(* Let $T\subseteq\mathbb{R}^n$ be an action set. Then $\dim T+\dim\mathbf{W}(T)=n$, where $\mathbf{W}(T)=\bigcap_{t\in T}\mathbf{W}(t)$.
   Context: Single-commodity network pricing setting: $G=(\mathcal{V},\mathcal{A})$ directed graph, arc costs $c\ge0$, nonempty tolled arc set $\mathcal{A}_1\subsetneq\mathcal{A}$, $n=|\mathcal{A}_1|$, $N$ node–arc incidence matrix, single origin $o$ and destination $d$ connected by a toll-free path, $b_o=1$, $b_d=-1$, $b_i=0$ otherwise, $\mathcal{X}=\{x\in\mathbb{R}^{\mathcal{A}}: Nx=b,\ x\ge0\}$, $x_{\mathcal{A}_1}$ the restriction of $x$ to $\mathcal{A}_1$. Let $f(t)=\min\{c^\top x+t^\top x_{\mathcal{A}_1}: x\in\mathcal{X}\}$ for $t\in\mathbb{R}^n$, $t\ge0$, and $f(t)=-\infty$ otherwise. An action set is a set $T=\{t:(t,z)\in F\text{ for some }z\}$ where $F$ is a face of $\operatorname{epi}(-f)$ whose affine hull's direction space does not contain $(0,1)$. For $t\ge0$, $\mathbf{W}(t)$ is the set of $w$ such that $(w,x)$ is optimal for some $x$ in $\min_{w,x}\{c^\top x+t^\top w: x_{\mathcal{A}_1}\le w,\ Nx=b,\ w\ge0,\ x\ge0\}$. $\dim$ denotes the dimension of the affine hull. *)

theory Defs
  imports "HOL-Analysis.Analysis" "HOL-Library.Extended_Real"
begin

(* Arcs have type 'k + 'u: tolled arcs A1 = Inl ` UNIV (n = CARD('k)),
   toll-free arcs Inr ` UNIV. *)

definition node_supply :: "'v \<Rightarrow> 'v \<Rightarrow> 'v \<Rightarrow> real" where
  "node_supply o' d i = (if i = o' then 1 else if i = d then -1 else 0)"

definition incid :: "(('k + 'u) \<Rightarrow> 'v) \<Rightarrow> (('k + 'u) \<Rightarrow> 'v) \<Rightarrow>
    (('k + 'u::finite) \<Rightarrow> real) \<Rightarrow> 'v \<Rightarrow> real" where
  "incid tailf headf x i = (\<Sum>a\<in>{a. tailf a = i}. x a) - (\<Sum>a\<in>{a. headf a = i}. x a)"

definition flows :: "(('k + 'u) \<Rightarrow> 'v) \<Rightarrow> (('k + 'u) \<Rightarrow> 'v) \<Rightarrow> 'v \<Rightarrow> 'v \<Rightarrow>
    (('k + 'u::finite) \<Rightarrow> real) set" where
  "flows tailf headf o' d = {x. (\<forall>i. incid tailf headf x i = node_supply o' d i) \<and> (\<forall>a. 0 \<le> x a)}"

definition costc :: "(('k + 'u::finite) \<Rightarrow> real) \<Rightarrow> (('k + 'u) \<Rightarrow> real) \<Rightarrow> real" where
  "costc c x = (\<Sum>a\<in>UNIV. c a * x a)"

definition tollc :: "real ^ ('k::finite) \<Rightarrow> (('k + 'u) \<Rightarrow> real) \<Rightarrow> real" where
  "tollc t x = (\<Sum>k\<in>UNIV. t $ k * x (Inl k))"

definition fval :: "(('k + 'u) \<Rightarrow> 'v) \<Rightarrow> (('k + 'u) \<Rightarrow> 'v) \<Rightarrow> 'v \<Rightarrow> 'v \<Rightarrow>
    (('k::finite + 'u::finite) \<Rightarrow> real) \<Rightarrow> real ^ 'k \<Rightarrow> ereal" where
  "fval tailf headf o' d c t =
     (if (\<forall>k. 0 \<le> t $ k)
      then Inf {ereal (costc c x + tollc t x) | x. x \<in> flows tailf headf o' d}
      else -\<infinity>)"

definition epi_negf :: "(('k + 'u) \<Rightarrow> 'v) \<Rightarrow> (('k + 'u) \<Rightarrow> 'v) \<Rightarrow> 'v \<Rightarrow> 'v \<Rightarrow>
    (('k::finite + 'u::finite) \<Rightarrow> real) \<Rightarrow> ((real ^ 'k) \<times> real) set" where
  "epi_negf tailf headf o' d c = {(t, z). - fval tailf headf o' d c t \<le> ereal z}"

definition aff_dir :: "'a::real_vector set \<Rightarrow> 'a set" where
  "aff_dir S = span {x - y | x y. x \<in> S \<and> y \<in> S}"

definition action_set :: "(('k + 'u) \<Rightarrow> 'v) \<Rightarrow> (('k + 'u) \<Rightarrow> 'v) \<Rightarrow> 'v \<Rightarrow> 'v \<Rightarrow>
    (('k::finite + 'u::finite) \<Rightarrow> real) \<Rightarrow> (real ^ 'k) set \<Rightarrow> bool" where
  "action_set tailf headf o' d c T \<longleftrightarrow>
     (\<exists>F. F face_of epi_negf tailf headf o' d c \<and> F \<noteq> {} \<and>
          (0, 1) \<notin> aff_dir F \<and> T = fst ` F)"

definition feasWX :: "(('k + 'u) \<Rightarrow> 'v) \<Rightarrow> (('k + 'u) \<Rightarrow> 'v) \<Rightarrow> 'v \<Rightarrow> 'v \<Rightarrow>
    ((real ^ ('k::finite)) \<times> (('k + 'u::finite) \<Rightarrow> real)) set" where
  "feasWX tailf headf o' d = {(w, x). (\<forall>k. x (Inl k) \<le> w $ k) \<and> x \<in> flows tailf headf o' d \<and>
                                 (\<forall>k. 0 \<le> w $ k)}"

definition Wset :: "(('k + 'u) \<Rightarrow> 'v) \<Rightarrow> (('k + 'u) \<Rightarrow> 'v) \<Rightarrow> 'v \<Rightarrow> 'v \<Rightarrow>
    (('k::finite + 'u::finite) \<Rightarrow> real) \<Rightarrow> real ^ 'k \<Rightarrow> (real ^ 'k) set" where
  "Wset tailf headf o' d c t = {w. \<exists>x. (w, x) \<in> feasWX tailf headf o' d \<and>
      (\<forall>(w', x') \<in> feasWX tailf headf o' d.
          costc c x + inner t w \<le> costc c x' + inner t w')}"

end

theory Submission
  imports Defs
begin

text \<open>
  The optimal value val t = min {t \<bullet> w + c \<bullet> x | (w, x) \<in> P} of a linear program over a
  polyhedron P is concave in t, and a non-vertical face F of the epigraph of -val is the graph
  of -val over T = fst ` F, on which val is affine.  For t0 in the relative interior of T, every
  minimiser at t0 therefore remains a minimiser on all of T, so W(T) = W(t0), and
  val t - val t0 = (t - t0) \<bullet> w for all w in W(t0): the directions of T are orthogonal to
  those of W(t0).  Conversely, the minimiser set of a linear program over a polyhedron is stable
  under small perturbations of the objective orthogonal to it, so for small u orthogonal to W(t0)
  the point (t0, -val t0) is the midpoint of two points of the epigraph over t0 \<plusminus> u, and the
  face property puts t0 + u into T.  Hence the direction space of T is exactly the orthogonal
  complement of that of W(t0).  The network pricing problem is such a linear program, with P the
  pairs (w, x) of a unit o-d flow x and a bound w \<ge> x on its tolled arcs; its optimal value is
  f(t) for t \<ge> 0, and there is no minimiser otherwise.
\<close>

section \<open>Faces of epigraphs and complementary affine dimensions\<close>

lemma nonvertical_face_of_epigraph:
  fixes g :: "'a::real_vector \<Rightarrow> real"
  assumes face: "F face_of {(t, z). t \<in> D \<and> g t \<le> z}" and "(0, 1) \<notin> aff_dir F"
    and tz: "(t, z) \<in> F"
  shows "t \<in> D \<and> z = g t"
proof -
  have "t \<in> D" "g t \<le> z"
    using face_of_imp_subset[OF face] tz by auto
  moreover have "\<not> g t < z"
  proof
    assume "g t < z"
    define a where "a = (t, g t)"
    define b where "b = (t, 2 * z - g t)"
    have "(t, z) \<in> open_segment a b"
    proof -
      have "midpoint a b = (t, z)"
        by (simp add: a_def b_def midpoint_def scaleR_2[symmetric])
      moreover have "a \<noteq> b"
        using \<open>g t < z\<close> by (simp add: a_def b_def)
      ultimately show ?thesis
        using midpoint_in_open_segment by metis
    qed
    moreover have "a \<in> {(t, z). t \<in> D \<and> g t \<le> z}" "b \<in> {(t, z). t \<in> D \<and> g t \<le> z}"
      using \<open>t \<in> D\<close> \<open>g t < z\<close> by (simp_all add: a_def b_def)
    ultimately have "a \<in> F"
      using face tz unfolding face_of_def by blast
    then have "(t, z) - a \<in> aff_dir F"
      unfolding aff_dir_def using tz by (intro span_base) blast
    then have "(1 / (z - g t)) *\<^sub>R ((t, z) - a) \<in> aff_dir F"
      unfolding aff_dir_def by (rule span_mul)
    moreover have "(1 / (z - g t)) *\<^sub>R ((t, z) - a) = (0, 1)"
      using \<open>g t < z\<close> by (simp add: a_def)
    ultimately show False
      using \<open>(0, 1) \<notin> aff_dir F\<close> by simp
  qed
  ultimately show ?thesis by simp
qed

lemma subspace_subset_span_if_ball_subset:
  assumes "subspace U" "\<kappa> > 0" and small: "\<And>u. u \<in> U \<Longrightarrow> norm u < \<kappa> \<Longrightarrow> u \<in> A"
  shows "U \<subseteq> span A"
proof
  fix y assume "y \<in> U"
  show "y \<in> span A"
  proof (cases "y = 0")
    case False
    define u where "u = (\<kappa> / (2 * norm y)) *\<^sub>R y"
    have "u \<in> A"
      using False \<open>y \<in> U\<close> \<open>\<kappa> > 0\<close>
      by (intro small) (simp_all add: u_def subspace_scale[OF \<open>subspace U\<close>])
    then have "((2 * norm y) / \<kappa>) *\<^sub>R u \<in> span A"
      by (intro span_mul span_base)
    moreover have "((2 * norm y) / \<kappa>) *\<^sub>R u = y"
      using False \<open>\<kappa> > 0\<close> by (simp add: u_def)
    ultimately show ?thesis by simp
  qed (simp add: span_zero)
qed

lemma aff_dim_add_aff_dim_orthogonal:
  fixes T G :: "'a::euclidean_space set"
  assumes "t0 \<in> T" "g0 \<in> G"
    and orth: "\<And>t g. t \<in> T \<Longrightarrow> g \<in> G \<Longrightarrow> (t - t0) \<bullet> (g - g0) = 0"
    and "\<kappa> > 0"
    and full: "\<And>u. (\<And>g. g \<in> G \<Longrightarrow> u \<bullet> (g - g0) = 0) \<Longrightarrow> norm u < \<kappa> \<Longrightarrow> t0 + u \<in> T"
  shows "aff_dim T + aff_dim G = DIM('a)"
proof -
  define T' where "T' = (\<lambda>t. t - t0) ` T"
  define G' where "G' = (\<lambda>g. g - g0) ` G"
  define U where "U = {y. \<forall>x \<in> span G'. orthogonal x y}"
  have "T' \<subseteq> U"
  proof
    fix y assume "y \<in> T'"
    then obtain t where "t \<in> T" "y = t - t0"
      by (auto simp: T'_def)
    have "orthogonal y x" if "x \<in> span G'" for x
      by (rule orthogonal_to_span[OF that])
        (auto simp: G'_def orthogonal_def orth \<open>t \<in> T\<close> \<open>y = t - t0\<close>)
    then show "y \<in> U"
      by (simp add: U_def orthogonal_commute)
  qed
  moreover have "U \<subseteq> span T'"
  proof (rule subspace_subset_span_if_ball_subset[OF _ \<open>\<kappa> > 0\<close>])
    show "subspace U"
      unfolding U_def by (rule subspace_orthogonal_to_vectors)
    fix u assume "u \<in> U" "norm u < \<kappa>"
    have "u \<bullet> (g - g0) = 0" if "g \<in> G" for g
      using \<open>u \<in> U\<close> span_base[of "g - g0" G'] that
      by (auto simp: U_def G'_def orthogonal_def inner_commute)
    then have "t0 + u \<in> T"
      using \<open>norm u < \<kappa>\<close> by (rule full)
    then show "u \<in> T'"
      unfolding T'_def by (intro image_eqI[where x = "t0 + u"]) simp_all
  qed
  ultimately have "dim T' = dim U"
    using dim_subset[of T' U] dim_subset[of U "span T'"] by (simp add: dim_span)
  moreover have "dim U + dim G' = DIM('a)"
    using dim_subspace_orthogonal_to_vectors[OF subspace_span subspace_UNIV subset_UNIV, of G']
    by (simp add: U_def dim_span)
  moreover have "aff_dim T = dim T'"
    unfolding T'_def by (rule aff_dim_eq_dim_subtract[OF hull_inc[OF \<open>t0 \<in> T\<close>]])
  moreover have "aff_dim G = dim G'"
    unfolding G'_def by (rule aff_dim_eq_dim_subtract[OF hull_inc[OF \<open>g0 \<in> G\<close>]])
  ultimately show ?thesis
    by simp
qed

---

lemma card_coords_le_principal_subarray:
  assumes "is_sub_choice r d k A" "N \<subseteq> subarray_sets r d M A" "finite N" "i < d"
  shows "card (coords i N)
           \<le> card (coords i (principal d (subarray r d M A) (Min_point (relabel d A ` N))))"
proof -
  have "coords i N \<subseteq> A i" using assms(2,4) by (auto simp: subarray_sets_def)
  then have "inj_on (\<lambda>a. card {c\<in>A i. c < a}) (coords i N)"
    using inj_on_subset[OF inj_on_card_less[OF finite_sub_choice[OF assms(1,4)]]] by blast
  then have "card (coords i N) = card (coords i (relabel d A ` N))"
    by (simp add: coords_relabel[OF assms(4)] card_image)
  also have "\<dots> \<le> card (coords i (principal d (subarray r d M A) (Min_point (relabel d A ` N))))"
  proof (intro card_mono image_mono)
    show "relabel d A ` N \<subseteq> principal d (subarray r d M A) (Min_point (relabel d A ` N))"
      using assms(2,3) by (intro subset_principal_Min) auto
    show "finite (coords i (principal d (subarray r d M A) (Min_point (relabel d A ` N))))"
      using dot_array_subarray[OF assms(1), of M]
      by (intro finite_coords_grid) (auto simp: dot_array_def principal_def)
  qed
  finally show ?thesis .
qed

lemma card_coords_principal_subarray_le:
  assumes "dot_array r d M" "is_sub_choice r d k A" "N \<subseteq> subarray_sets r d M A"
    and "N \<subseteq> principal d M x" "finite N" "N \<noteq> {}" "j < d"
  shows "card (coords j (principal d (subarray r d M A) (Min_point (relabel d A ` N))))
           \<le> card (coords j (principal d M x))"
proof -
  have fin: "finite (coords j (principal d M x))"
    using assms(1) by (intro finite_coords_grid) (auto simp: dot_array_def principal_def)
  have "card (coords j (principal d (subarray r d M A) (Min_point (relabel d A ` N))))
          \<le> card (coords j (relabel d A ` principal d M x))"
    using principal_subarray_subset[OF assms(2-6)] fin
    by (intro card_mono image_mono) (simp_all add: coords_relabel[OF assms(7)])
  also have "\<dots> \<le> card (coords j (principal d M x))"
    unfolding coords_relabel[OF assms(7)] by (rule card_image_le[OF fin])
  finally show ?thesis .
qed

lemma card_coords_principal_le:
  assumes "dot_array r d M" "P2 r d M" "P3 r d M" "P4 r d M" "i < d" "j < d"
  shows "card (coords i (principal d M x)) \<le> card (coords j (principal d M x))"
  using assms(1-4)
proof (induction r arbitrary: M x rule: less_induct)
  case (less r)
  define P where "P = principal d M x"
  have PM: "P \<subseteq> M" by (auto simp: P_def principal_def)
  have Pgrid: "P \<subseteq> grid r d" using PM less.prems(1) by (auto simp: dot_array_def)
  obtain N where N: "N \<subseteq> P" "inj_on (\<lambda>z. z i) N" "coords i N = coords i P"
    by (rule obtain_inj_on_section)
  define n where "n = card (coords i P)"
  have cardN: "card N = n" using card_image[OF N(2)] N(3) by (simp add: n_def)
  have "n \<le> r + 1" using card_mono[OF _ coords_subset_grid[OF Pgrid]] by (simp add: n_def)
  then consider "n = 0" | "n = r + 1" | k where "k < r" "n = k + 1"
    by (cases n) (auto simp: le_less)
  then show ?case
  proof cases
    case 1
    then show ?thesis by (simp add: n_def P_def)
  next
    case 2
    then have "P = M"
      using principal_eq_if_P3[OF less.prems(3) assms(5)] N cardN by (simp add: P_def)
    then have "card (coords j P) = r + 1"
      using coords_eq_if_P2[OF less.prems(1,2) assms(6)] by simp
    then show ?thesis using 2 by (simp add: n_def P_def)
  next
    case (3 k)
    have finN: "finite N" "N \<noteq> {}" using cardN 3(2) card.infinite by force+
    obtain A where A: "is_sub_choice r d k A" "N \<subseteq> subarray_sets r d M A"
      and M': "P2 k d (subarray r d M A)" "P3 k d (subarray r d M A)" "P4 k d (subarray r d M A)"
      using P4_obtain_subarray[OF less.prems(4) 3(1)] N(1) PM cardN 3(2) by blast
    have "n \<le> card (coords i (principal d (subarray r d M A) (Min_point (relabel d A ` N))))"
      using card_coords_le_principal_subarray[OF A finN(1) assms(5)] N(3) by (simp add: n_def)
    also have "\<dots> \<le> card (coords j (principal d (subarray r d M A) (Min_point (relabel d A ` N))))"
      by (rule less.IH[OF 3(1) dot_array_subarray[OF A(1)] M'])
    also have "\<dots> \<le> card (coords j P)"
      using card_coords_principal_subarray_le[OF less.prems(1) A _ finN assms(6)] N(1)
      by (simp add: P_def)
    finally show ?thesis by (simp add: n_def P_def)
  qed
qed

> [TASK GOAL]
What lines in the records contain the word "False"? Return each one.

> [TASK SOLUTION]
    ultimately show False
    case False
      using False \<open>y \<in> U\<close> \<open>\<kappa> > 0\<close>
      using False \<open>\<kappa> > 0\<close> by (simp add: u_def)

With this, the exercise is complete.